CS207288B1 - Multilayer semiconductor element - Google Patents

Description

(54) Multilayer semiconductor device

The invention relates to a multilayer controlled semiconductor device with a high level of dynamic parameters and at the same time with a static throughput characteristic suitable for applications using parallel shifting of two or more devices.

In thyristors of the known embodiment, short circuits (microconductors) between the cathode electrode and the layer lying below the emitter layer are realized to achieve a high level of dynamic parameters. A disadvantage of the components of this embodiment is the shape of their static permeability characteristic, which comprises, up to the level of currents comparable to the load current of the component, an area with an extremely low differential resistance. This region corresponds to a state where the passage current does not flow through the entire cross-section of the component but only a part thereof, and as the passage current increases, the current density remains constant and only the size of the cross-section that participates in the passage current line increases. With two or more such components running in parallel, good forward current distribution between the components can only be achieved at high current load, where all components operate above an extremely low differential resistance area. This condition is not met in many applications.

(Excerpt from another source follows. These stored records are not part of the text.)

definition exchange_closed :: "'v \<Rightarrow> 'v \<Rightarrow> ('v \<Rightarrow>\<^sub>0 nat) set \<Rightarrow> bool" where
  "exchange_closed x y U \<longleftrightarrow>
     (\<forall>u v. u + Poly_Mapping.single x 1 \<in> U \<longrightarrow> v + Poly_Mapping.single y 1 \<in> U
        \<longrightarrow> same_line x y u v \<longrightarrow> deg v x \<le> deg u x \<longrightarrow> u \<in> U)"

lemma same_line_commute: "same_line y x u v = same_line x y u v"
  unfolding same_line_def by auto

lemma lookup_times_sum_of_variables:
  fixes g :: "('v \<Rightarrow>\<^sub>0 nat) \<Rightarrow>\<^sub>0 'k::comm_ring_1"
  shows "Poly_Mapping.lookup ((monomial (Poly_Mapping.single x 1) + monomial (Poly_Mapping.single y 1)) * g) m
    = Poly_Mapping.lookup (monomial (Poly_Mapping.single x 1) * g) m
      + Poly_Mapping.lookup (monomial (Poly_Mapping.single y 1) * g) m"
  by (simp add: distrib_right lookup_add)

text \<open>Let u be a monomial of g outside U with largest x-degree on its line. The coefficient of
  x u in (x + y) g can only be cancelled by that of a monomial y-shifted from u, which lies
  further up the line, hence in U.\<close>
lemma times_var_mem_if_top_of_line:
  fixes g :: "('v \<Rightarrow>\<^sub>0 nat) \<Rightarrow>\<^sub>0 'k::comm_ring_1"
  assumes "x \<noteq> y" and U: "upward_closed U"
    and fg: "(monomial (Poly_Mapping.single x 1) + monomial (Poly_Mapping.single y 1)) * g
      \<in> span_monomials U"
    and u: "u \<in> Poly_Mapping.keys g" "u \<notin> U"
    and top: "\<And>u'. u' \<in> Poly_Mapping.keys g \<Longrightarrow> u' \<notin> U \<Longrightarrow> same_line x y u' u
      \<Longrightarrow> deg u' x \<le> deg u x"
  shows "u + Poly_Mapping.single x 1 \<in> U"
proof (rule ccontr)
  let ?ex = "Poly_Mapping.single x 1" and ?ey = "Poly_Mapping.single y 1"
  assume "u + ?ex \<notin> U"
  then have "Poly_Mapping.lookup (monomial ?ex * g) (?ex + u)
      + Poly_Mapping.lookup (monomial ?ey * g) (?ex + u) = 0"
    using fg unfolding span_monomials_def lookup_times_sum_of_variables[symmetric]
    by (auto simp: in_keys_iff add.commute)
  moreover have "Poly_Mapping.lookup (monomial ?ex * g) (?ex + u) \<noteq> 0"
    using u(1) by (simp add: lookup_monomial_mult in_keys_iff)
  ultimately have ey_coeff: "Poly_Mapping.lookup (monomial ?ey * g) (?ex + u) \<noteq> 0"
    by (simp add: add_eq_0_iff)
  then obtain u' where u': "?ex + u = ?ey + u'"
    using lookup_monomial_mult_eq_0 by blast
  with ey_coeff have "u' \<in> Poly_Mapping.keys g"
    by (simp add: lookup_monomial_mult in_keys_iff)
  moreover have "u' \<notin> U"
  proof
    assume "u' \<in> U"
    with U have "u' + ?ey \<in> U"
      unfolding upward_closed_def by blast
    with u' \<open>u + ?ex \<notin> U\<close> show False
      by (simp add: add.commute)
  qed
  moreover have deg_u': "deg u' z + (if z = y then 1 else 0) = deg u z + (if z = x then 1 else 0)" for z
    using arg_cong[OF u', of "\<lambda>m. deg m z"]
    by (auto simp: lookup_add lookup_single when_def split: if_splits)
  then have "deg u' z = deg u z" if "z \<noteq> x" "z \<noteq> y" for z
    using deg_u'[of z] that by simp
  with deg_u'[of x] deg_u'[of y] \<open>x \<noteq> y\<close> have "same_line x y u' u"
    unfolding same_line_def by simp
  ultimately have "deg u' x \<le> deg u x"
    by (rule top)
  with deg_u'[of x] \<open>x \<noteq> y\<close> show False
    by simp
qed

The present invention eliminates this disadvantage and solves the object essentially by comprising microconductors of at least three different sizes distributed over the surface of the second main electrode such that it can be divided into several contiguous regions, wherein each two microconductors belonging to the same region are of equal size, each the two microconductors located in two different regions are of different sizes and for each pair of these regions the region containing the smaller microconductors lies between the region containing the larger microconductors and the control region.

The multilayer semiconductor device according to the invention represents a significant improvement especially in these applications, where several parallel connected devices operate predominantly in the low current load mode with short-term multiple surge current surges.

The planar arrangement of the controlled emitter layer of such a component is shown in the drawing. The structure comprises one control area 1 and microconductors 2 distributed in a regular network in the emitter layer 3. The size of the microconductors increases with distance from the emitter interface with the control area.

By a suitable geometrical arrangement of the microconductors, their efficiency increases with the distance from the interface of the cathode with the control region. As a result, as the throughput current increases, not only the size of the cross-section that is involved in the current conduction increases, but also the current density and hence the throughput voltage on the component. At higher currents, where the through current flows through the entire cross-section of the component, said treatment practically does not affect the through voltage on the component.

An example of such a multilayer semi-layer

Claims (1)

SUBJECT A multilayer semiconductor device comprising a layer of basic semiconductor material between two outer semiconductor layers of the opposite type of electrical conductivity than the layer of basic semiconductor material, the first having contact with the first main electrode and the second having contact with the second main electrode in a number of discrete locations. the controlled emitter layer of a semiconductor material of the same type of electrical conductivity as the base layer, the emitter layer having contact with the second main electrode and associated with the control region of the conductor component is a thyristor structure formed by conventional diffusion technology. according to the invention. ·· j OF THE INVENTION comprising a control electrode having contact with a second outer semiconductor layer, characterized in that it comprises microconductors (2) of at least three different sizes distributed over the surface of the second main electrode such that it can be divided into several contiguous areas, each two microconductors (2) belonging to the same area are the same size, each two microconductors (2) located in two different areas are different sized and for each pair of these areas the area containing the smaller microconductors (2) lies between the area containing the larger microconductors (2) and the control areas (1).